Reversible Metal Sulfide Transition in a Two-Step Thermochemical H2S Splitting

Abstract

Two-step thermochemical H2S splitting process is a promising method to recover both H2 and S from a toxic waste H2S gas via low/high metal sulfide conversion. Several studies have examined the potential of the process experimentally. Still, there is a lack of comprehensive research into such as to provide a guideline for selecting the appropriate metal for the process. The most common metals in the periodic Table (28 metals) have been examined to find stable low/high metal sulfide couples.
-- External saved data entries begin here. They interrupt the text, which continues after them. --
(* Let $\Gamma$ be a linear group, i.e. a group isomorphic to a subgroup of $GL_n(\mathbf k)$ for some field $\mathbf k$ and some $n$. Assume that $\Gamma$ is finite-by-abelian, i.e. $\Gamma$ has a finite normal subgroup $N$ such that $\Gamma/N$ is abelian. Then $\Gamma$ is virtually abelian, i.e. $\Gamma$ has an abelian subgroup of finite index. *)

theory Defs
  imports "Jordan_Normal_Form.Matrix" "HOL-Algebra.Coset"
begin

definition GL :: "nat \<Rightarrow> ('k::field) mat monoid" where
  "GL n = \<lparr>carrier = {A \<in> carrier_mat n n. invertible_mat A}, mult = (*), one = 1\<^sub>m n\<rparr>"

definition linear_group_over :: "'k::field itself \<Rightarrow> ('g, 'b) monoid_scheme \<Rightarrow> bool" where
  "linear_group_over _ G \<longleftrightarrow>
     (\<exists>n (H :: 'k mat set). subgroup H (GL n) \<and> G \<cong> ((GL n)\<lparr>carrier := H\<rparr>))"

definition finite_by_abelian :: "('g, 'b) monoid_scheme \<Rightarrow> bool" where
  "finite_by_abelian G \<longleftrightarrow> (\<exists>N. N \<lhd> G \<and> finite N \<and> comm_group (G Mod N))"

definition virtually_abelian :: "('g, 'b) monoid_scheme \<Rightarrow> bool" where
  "virtually_abelian G \<longleftrightarrow>
     (\<exists>A. subgroup A G \<and> comm_group (G\<lparr>carrier := A\<rparr>) \<and> finite (rcosets\<^bsub>G\<^esub> A))"

end

theory Submission
  imports Defs "HOL-Algebra.Generated_Groups"
begin

text \<open>
  Let \<open>N\<close> be the finite normal subgroup with abelian quotient. All commutators lie in \<open>N\<close>,
  so every conjugacy class lies in a coset of \<open>N\<close> and is finite; hence the centralizer of
  any finite set has finite index. Linearity enters only once: the matrices of the centralizer
  \<open>C\<close> of \<open>N\<close> span a finite-dimensional space, so the centralizer of \<open>C\<close> equals that of a
  finite subset \<open>B \<subseteq> C\<close>. The centre of \<open>C\<close> is then the centralizer of the finite set
  \<open>N \<union> B\<close>, hence an abelian subgroup of finite index.
\<close>

inductive_set mat_span :: "nat \<Rightarrow> 'k::field mat set \<Rightarrow> 'k mat set" for n B where
  mat_span_zero: "0\<^sub>m n n \<in> mat_span n B"
| mat_span_step: "x \<in> mat_span n B \<Longrightarrow> b \<in> B \<Longrightarrow> x + c \<cdot>\<^sub>m b \<in> mat_span n B"

lemma mat_span_carrier:
  assumes "B \<subseteq> carrier_mat n n" "x \<in> mat_span n B"
  shows "x \<in> carrier_mat n n"
  using assms(2) by induction (use assms(1) in auto)

lemma mat_span_base:
  assumes "B \<subseteq> carrier_mat n n" "b \<in> B"
  shows "b \<in> mat_span n B"
proof -
  have "0\<^sub>m n n + 1 \<cdot>\<^sub>m b \<in> mat_span n B" by (rule mat_span_step[OF mat_span_zero assms(2)])
  moreover have "0\<^sub>m n n + 1 \<cdot>\<^sub>m b = b" using assms by (intro eq_matI) auto
  ultimately show ?thesis by simp
qed

lemma mat_span_add:
  assumes B: "B \<subseteq> carrier_mat n n" and x: "x \<in> mat_span n B" and y: "y \<in> mat_span n B"
  shows "x + y \<in> mat_span n B"
  using y
proof induction
  case mat_span_zero
  have "x + 0\<^sub>m n n = x" using mat_span_carrier[OF B x] by (intro eq_matI) auto
  then show ?case using x by simp
next
  case (mat_span_step y b c)
  have "x + (y + c \<cdot>\<^sub>m b) = (x + y) + c \<cdot>\<^sub>m b"
    using mat_span_carrier[OF B x] mat_span_carrier[OF B mat_span_step(1)] B mat_span_step(2)
    by (intro eq_matI) auto
  then show ?case using mat_span.mat_span_step[OF mat_span_step(3) mat_span_step(2)] by simp
qed

lemma mat_span_smult:
  assumes B: "B \<subseteq> carrier_mat n n" and x: "x \<in> mat_span n B"
  shows "d \<cdot>\<^sub>m x \<in> mat_span n B"
  using x
proof induction
  case mat_span_zero
  have "d \<cdot>\<^sub>m 0\<^sub>m n n = (0\<^sub>m n n :: 'a mat)" by (intro eq_matI) auto
  then show ?case by (simp add: mat_span.mat_span_zero)
next
  case (mat_span_step y b c)
  have "d \<cdot>\<^sub>m (y + c \<cdot>\<^sub>m b) = d \<cdot>\<^sub>m y + (d * c) \<cdot>\<^sub>m b"
    using mat_span_carrier[OF B mat_span_step(1)] B mat_span_step(2)
    by (intro eq_matI) (auto simp: algebra_simps)
  then show ?case using mat_span.mat_span_step[OF mat_span_step(3) mat_span_step(2)] by simp
qed

lemma mat_span_subset:
  assumes B: "B \<subseteq> carrier_mat n n" and sub: "B' \<subseteq> mat_span n B"
  shows "mat_span n B' \<subseteq> mat_span n B"
proof
  fix x assume "x \<in> mat_span n B'"
  then show "x \<in> mat_span n B"
    by induction (use mat_span.mat_span_zero mat_span_add[OF B] mat_span_smult[OF B] sub in blast)+
qed

lemma mat_span_commute:
  assumes M: "M \<in> carrier_mat n n" and B: "B \<subseteq> carrier_mat n n"
    and comm: "\<forall>b\<in>B. M * b = b * M" and x: "x \<in> mat_span n B"
  shows "M * x = x * M"
  using x
proof induction
  case mat_span_zero
  then show ?case using M by simp
next
  case (mat_span_step y b c)
  have yc: "y \<in> carrier_mat n n" using mat_span_carrier[OF B mat_span_step(1)] .
  have bc: "b \<in> carrier_mat n n" using B mat_span_step(2) by auto
  have "M * (y + c \<cdot>\<^sub>m b) = M * y + c \<cdot>\<^sub>m (M * b)"
    using M yc bc by (simp add: mult_add_distrib_mat mult_smult_distrib)
  also have "\<dots> = y * M + c \<cdot>\<^sub>m (b * M)" using mat_span_step comm by simp
  also have "\<dots> = (y + c \<cdot>\<^sub>m b) * M"
    using M yc bc by (simp add: add_mult_distrib_mat mult_smult_assoc_mat)
  finally show ?case .
qed

definition mat_supported_on :: "nat \<Rightarrow> (nat \<times> nat) set \<Rightarrow> 'a::zero mat \<Rightarrow> bool" where
  "mat_supported_on n P c \<longleftrightarrow> (\<forall>i<n. \<forall>j<n. (i, j) \<notin> P \<longrightarrow> c $$ (i, j) = 0)"

lemma mat_supported_on_pivot_eliminate:
  fixes c s :: "'k::field mat"
  assumes "c \<in> carrier_mat n n" "s \<in> carrier_mat n n"
    and "mat_supported_on n (insert p P) c" "mat_supported_on n (insert p P) s" "s $$ p \<noteq> 0"
  shows "mat_supported_on n P (c + (- (c $$ p / s $$ p)) \<cdot>\<^sub>m s)"
  unfolding mat_supported_on_def
proof (intro allI impI)
  fix i j assume ij: "i < n" "j < n" "(i, j) \<notin> P"
  have e: "(c + (- (c $$ p / s $$ p)) \<cdot>\<^sub>m s) $$ (i, j) = c $$ (i, j) - c $$ p / s $$ p * s $$ (i, j)"
    using assms(1,2) ij by simp
  show "(c + (- (c $$ p / s $$ p)) \<cdot>\<^sub>m s) $$ (i, j) = 0"
  proof (cases "(i, j) = p")
    case True
    then show ?thesis using e assms(5) by simp
  next
    case False
    then show ?thesis using e assms(3,4) ij unfolding mat_supported_on_def by auto
  qed
qed

text \<open>Gaussian elimination: induction on the support, pivoting on one entry.\<close>

lemma finite_spanning_subset_of_supported:
  fixes T :: "'k::field mat set"
  assumes "finite P" "T \<subseteq> carrier_mat n n" "\<forall>c\<in>T. mat_supported_on n P c"
  shows "\<exists>B\<subseteq>T. finite B \<and> T \<subseteq> mat_span n B"
  using assms
proof (induction P arbitrary: T rule: finite_induct)
  case empty
  have "c = 0\<^sub>m n n" if "c \<in> T" for c
    using that empty.prems by (intro eq_matI) (auto simp: mat_supported_on_def)
  then have "T \<subseteq> mat_span n {}" using mat_span.mat_span_zero by blast
  then show ?case by blast
next
  case (insert p P)
  show ?case
  proof (cases "\<forall>c\<in>T. c $$ p = 0")
    case True
    then have "\<forall>c\<in>T. mat_supported_on n P c"
      using insert.prems(2) unfolding mat_supported_on_def by (metis insertE)
    then show ?thesis using insert.IH insert.prems(1) by blast
  next
    case False
    then obtain s where s: "s \<in> T" "s $$ p \<noteq> 0" by blast
    define r where "r c = c + (- (c $$ p / s $$ p)) \<cdot>\<^sub>m s" for c
    have rT: "r ` T \<subseteq> carrier_mat n n" using insert.prems(1) s(1) unfolding r_def by auto
    have "\<forall>c\<in>r ` T. mat_supported_on n P c"
    proof
      fix c' assume "c' \<in> r ` T"
      then obtain c where c: "c \<in> T" "c' = r c" by blast
      show "mat_supported_on n P c'"
        unfolding c(2) r_def
        by (rule mat_supported_on_pivot_eliminate) (use c(1) s insert.prems in auto)
    qed
    then obtain B' where B': "B' \<subseteq> r ` T" "finite B'" "r ` T \<subseteq> mat_span n B'"
      using insert.IH[OF rT] by blast
    obtain B1 where B1: "B1 \<subseteq> T" "finite B1" "B' = r ` B1"
      using finite_subset_image[OF B'(2,1)] by blast
    define B where "B = insert s B1"
    have BT: "B \<subseteq> T" using B1 s unfolding B_def by auto
    have Bc: "B \<subseteq> carrier_mat n n" using BT insert.prems(1) by auto
    have sB: "s \<in> mat_span n B" using mat_span_base[OF Bc] unfolding B_def by auto
    have shift: "r c + (c $$ p / s $$ p) \<cdot>\<^sub>m s \<in> mat_span n B" if "r c \<in> mat_span n B" for c
      using that mat_span_add[OF Bc] mat_span_smult[OF Bc sB] by blast
    have "B' \<subseteq> mat_span n B"
    proof
      fix x assume "x \<in> B'"
      then obtain b where b: "b \<in> B1" "x = r b" using B1(3) by blast
      have "b \<in> mat_span n B" using mat_span_base[OF Bc] b(1) unfolding B_def by auto
      then show "x \<in> mat_span n B"
        unfolding b(2) r_def using mat_span_add[OF Bc] mat_span_smult[OF Bc sB] by blast
    qed
    then have rTB: "r ` T \<subseteq> mat_span n B" using B'(3) mat_span_subset[OF Bc] by blast
    have "T \<subseteq> mat_span n B"
    proof
      fix c assume c: "c \<in> T"
      have "c \<in> carrier_mat n n" "s \<in> carrier_mat n n" using c s(1) insert.prems(1) by auto
      then have "r c + (c $$ p / s $$ p) \<cdot>\<^sub>m s = c"
        unfolding r_def by (intro eq_matI) auto
      then show "c \<in> mat_span n B" using shift[of c] rTB c by auto
    qed
    then show ?thesis using BT B1(2) unfolding B_def by blast
  qed
qed

lemma finite_spanning_subset:
  fixes T :: "'k::field mat set"
  assumes "T \<subseteq> carrier_mat n n"
  shows "\<exists>B\<subseteq>T. finite B \<and> T \<subseteq> mat_span n B"
  using finite_spanning_subset_of_supported[of "{0..<n} \<times> {0..<n}"] assms
  unfolding mat_supported_on_def by auto

lemma mat_commute_finite_subset:
  fixes T :: "'k::field mat set"
  assumes "T \<subseteq> carrier_mat n n"
  shows "\<exists>B\<subseteq>T. finite B \<and> (\<forall>M\<in>carrier_mat n n.
           (\<forall>b\<in>B. M * b = b * M) \<longrightarrow> (\<forall>t\<in>T. M * t = t * M))"
proof -
  obtain B where B: "B \<subseteq> T" "finite B" "T \<subseteq> mat_span n B"
    using finite_spanning_subset[OF assms] by blast
  have "B \<subseteq> carrier_mat n n" using B(1) assms by blast
  then have "M * t = t * M"
    if "M \<in> carrier_mat n n" "\<forall>b\<in>B. M * b = b * M" "t \<in> T" for M t
    using mat_span_commute that B(3) by blast
  then show ?thesis using B(1,2) by blast
qed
A list consisting of 17 metals that can form thermodynamically stable couples has been shortlisted, in which six metals: K, Zr, Hf, Nb, Fe, and Ni, were found to be promising candidates with a high H2S splitting efficiency, high H2 yield and good reversible transition between low and high sulfides. The transition between sulfide crystals has been experimentally demonstrated with the Ni3S2/Ni3S2+x couple. This couple can decompose up to 90 mg H2S/g-Ni3S2 at 500 °C to produce H2 and high sulfides Ni3S2+x that was successfully regenerated at 700 °C for multiple cycles. The thermodynamic calculations revealed that the sulfides of Zr, Hf, and Nb are favorable for the two-step H2S splitting process, but have not been explored experimentally. The sulfide of Zr was examined in this work, but they got oxidized by residual oxygen in the test gas before the crystalline transition was detected and remained as a challenge in the future works.